• [Task objective]: Your answer should consist of the lines in the following data that contain "obtain".

• [The data]:
== Segment start ==
(* Let $X\subseteq\mathbb{C}^n$ be a complex analytic set and $\mathcal M\subseteq\mathcal O_X^p$ a sheaf of $\mathcal O_X$-submodules. Then: (1) $\mathcal M_{S_1}$ is an $\mathcal O_X$-submodule of $\mathcal O_X^p$, i.e. for every $x\in X$, $(\mathcal M_{S_1})_x$ is an $\mathcal O_{X,x}$-submodule of $\mathcal O_{X,x}^p$; (2) for every $x\in X$, $\mathcal M_x\subseteq(\mathcal M_{S_1})_x\subseteq\overline{\mathcal M_x}$.
   Context: $X\subseteq\mathbb{C}^n$ is a complex analytic set with coordinates $z_1,\dots,z_n$, and $\pi_1,\pi_2:X\times X\to X$ are the two projections. For $h\in\mathcal O_X^p$ the double of $h$ is $h_D=(h\circ\pi_1,h\circ\pi_2)\in\mathcal O_{X\times X}^{2p}$. The double $\mathcal M_D$ of $\mathcal M\subseteq\mathcal O_X^p$ is the $\mathcal O_{X\times X}$-submodule of $\mathcal O_{X\times X}^{2p}$ generated by $\{h_D: h\in\mathcal M\}$. $\overline N$ denotes the integral closure of a submodule $N$ of a free module over the local ring of an analytic space; by the curve criterion, $h\in\overline N$ at a point iff $\phi^*h\in\phi^*N$ for every analytic curve germ $\phi:(\mathbb C,0)\to$ (space, point). The 1-Lipschitz saturation is $(\mathcal M_{S_1})_x=\{h\in\mathcal O_{X,x}^p: h_D\in\overline{\mathcal M_D}\text{ at }(x,x)\}$. *)

theory Defs
  imports "HOL-Analysis.Analysis"
begin

definition cholo_on :: "(complex^'m) set \<Rightarrow> (complex^'m \<Rightarrow> complex) \<Rightarrow> bool" where
  "cholo_on U f \<longleftrightarrow> open U \<and>
     (\<forall>w\<in>U. \<exists>D. (f has_derivative D) (at w) \<and> (\<forall>c v. D (c *s v) = c * D v))"

definition sholo_germ :: "complex^'m \<Rightarrow> (complex^'m \<Rightarrow> complex) \<Rightarrow> bool" where
  "sholo_germ y a \<longleftrightarrow> (\<exists>U. open U \<and> y \<in> U \<and> cholo_on U a)"

definition holo_germ :: "complex^'m \<Rightarrow> (complex^'m \<Rightarrow> complex^'q) \<Rightarrow> bool" where
  "holo_germ y h \<longleftrightarrow> (\<exists>U. open U \<and> y \<in> U \<and> (\<forall>j. cholo_on U (\<lambda>z. h z $ j)))"

definition analytic_set :: "(complex^'m) set \<Rightarrow> bool" where
  "analytic_set X \<longleftrightarrow> (\<forall>x\<in>X. \<exists>U F. open U \<and> x \<in> U \<and> finite F \<and>
       (\<forall>f\<in>F. cholo_on U f) \<and> X \<inter> U = {z\<in>U. \<forall>f\<in>F. f z = 0})"
lemma weighted_slices_in_boundaries:
  fixes m :: "nat \<Rightarrow> 'r::comm_ring_1"
  assumes z: "chain n X z" "chain_bd L m n z = (\<lambda>S. 0)"
    and H: "continuous_map (prod_topology (top_of_set {0..1}) X) Y H"
    and s: "continuous_map euclideanreal euclideanreal s" "\<And>t. s t \<in> {0..1}"
  shows "(\<lambda>S. \<Sum>i\<in>{0..L}. m i * chain_map n (\<lambda>y. H (s (real i / real L), y)) z S)
           \<in> boundaries L m n Y"
proof -
  let ?P = "lin_ext (\<lambda>T. unit_chain (prism_cube n H s T)) z"
  have "chain (Suc n) Y ?P"
    using z(1) by (rule chain_lin_ext_unit_chain) (rule sing_cube_prism_cube[OF _ H s])
  then have "chain_bd L m (Suc n) ?P \<in> boundaries L m n Y" by (rule boundariesI) (rule refl)
  then have "(\<lambda>S. (- 1) ^ n * chain_bd L m (Suc n) ?P S) \<in> boundaries L m n Y"
    by (rule boundaries_scale)
  moreover have "(- 1) ^ n * (- 1) ^ n = (1 :: 'r)" by (simp flip: power_add)
  ultimately show ?thesis
    using z by (simp add: chain_bd_prism chain_def mult.assoc[symmetric])
qed

lemma weighted_homotopy_diff_in_boundaries:
  fixes H :: "real \<times> 'a \<Rightarrow> 'b" and X :: "'a topology"
  assumes z: "chain n X z" "chain_bd L m n z = (\<lambda>S. 0)"
    and H: "continuous_map (prod_topology (top_of_set {0..1}) X) Y H"
      "\<And>x. H (0, x) = f x" "\<And>x. H (1, x) = g x"
    and k: "k \<le> L"
  shows "(\<lambda>S. m k * (chain_map n g z S - chain_map n f z S)) \<in> boundaries L m n Y"
proof -
  have "(\<lambda>S. \<Sum>i\<in>{0..L}. m i * chain_map n (\<lambda>y. H (tent L k (real i / real L), y)) z S)
          \<in> boundaries L m n Y"
    using z H(1) continuous_map_tent tent_in_unit_interval by (rule weighted_slices_in_boundaries)
  moreover have "(\<Sum>i\<in>{0..L}. m i * chain_map n (\<lambda>y. H (tent L k (real i / real L), y)) z S)
      = (\<Sum>i\<in>{0..L}. m i * (if i = k then chain_map n g z S else chain_map n f z S))" for S
    by (intro sum.cong refl) (use k in \<open>auto simp: tent_at_node H(2,3)\<close>)
  moreover have "(\<lambda>S. \<Sum>i\<in>{0..L}. m i * chain_map n f z S) \<in> boundaries L m n Y"
    using weighted_slices_in_boundaries[OF z H(1), of "\<lambda>_. 0"] by (simp add: H(2))
  ultimately have "(\<lambda>S. (\<Sum>i\<in>{0..L}. m i * (if i = k then chain_map n g z S else chain_map n f z S))
      - (\<Sum>i\<in>{0..L}. m i * chain_map n f z S)) \<in> boundaries L m n Y"
    by (simp add: boundaries_diff)
  then show ?thesis using k by (simp add: sum_mult_if_diff)
qed

lemma homotopic_chain_map_diff_in_boundaries:
  fixes X :: "'a topology" and Y :: "'b topology"
  assumes unit: "(\<Sum>k\<in>{0..L}. r k * m k) = 1"
    and z: "chain n X z" "chain_bd L m n z = (\<lambda>S. 0)"
    and hom: "homotopic_with (\<lambda>_. True) X Y f g"
  shows "(\<lambda>S. chain_map n g z S - chain_map n f z S) \<in> boundaries L m n Y"
proof -
  obtain H :: "real \<times> 'a \<Rightarrow> 'b" where H: "continuous_map (prod_topology (top_of_set {0..1}) X) Y H"
      "\<And>x. H (0, x) = f x" "\<And>x. H (1, x) = g x"
    using hom unfolding homotopic_with_def by blast
  have "(\<lambda>S. \<Sum>k\<in>{0..L}. r k * (m k * (chain_map n g z S - chain_map n f z S)))
          \<in> boundaries L m n Y"
    by (rule boundaries_sum) (use weighted_homotopy_diff_in_boundaries[OF z H] in auto)
  moreover have "(\<Sum>k\<in>{0..L}. r k * (m k * d)) = (\<Sum>k\<in>{0..L}. r k * m k) * d" for d
    by (simp add: sum_distrib_right mult.assoc)
  ultimately show ?thesis by (simp add: unit)
qed

lemma homotopy_axiom_if_unit_ideal:
  fixes m :: "nat \<Rightarrow> 'r::comm_ring_1"
  assumes "\<exists>r. (\<Sum>k\<in>{0..L}. r k * m k) = 1"
  shows "homotopy_axiom TYPE('a) TYPE('b) L m"
  unfolding homotopy_axiom_def
proof (intro allI impI ballI)
  fix X :: "'a topology" and Y :: "'b topology" and f g n C
  assume hom: "homotopic_with (\<lambda>_. True) X Y f g" and "C \<in> homology L m n X"
  then obtain z where z: "chain n X z" "chain_bd L m n z = (\<lambda>S. 0)" and C: "C = hclass L m n X z"
    unfolding homology_def cycles_def by blast
  obtain b where b: "b \<in> boundaries L m n X"
    and hom_map: "\<And>(Y :: 'b topology) f.
      hom_map L m n Y f (hclass L m n X z) = hclass L m n Y (chain_map n f (\<lambda>S. z S + b S))"
    using hom_map_hclass by blast
  obtain r where r: "(\<Sum>k\<in>{0..L}. r k * m k) = 1" using assms by blast
  have cont: "continuous_map X Y f" "continuous_map X Y g"
    using homotopic_with_imp_continuous_maps[OF hom] by simp_all
  have fin: "finite {T. z T \<noteq> 0}" "finite {T. b T \<noteq> 0}"
    using z(1) b by (simp_all add: chain_def finite_support_boundaries)
  have "(\<lambda>S. (chain_map n f b S - chain_map n g b S) - (chain_map n g z S - chain_map n f z S))
          \<in> boundaries L m n Y"
    using boundaries_diff[OF boundaries_diff[OF chain_map_boundaries[OF cont(1) b]
        chain_map_boundaries[OF cont(2) b]] homotopic_chain_map_diff_in_boundaries[OF r z hom]] .
  moreover have "(\<lambda>S. (chain_map n f b S - chain_map n g b S) - (chain_map n g z S - chain_map n f z S))
      = (\<lambda>S. chain_map n f (\<lambda>S. z S + b S) S - chain_map n g (\<lambda>S. z S + b S) S)"
    unfolding chain_map_add[OF fin] by (rule ext) (simp add: algebra_simps)
  ultimately have "(\<lambda>S. chain_map n f (\<lambda>S. z S + b S) S - chain_map n g (\<lambda>S. z S + b S) S)
               \<in> boundaries L m n Y" by simp
  then show "hom_map L m n Y f C = hom_map L m n Y g C"
    by (simp add: C hom_map hclass_eq_iff)
qed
== Segment end ==
• [The answer]:
  obtain H :: "real \<times> 'a \<Rightarrow> 'b" where H: "continuous_map (prod_topology (top_of_set {0..1}) X) Y H"
  then obtain z where z: "chain n X z" "chain_bd L m n z = (\<lambda>S. 0)" and C: "C = hclass L m n X z"
  obtain b where b: "b \<in> boundaries L m n X"
  obtain r where r: "(\<Sum>k\<in>{0..L}. r k * m k) = 1" using assms by blast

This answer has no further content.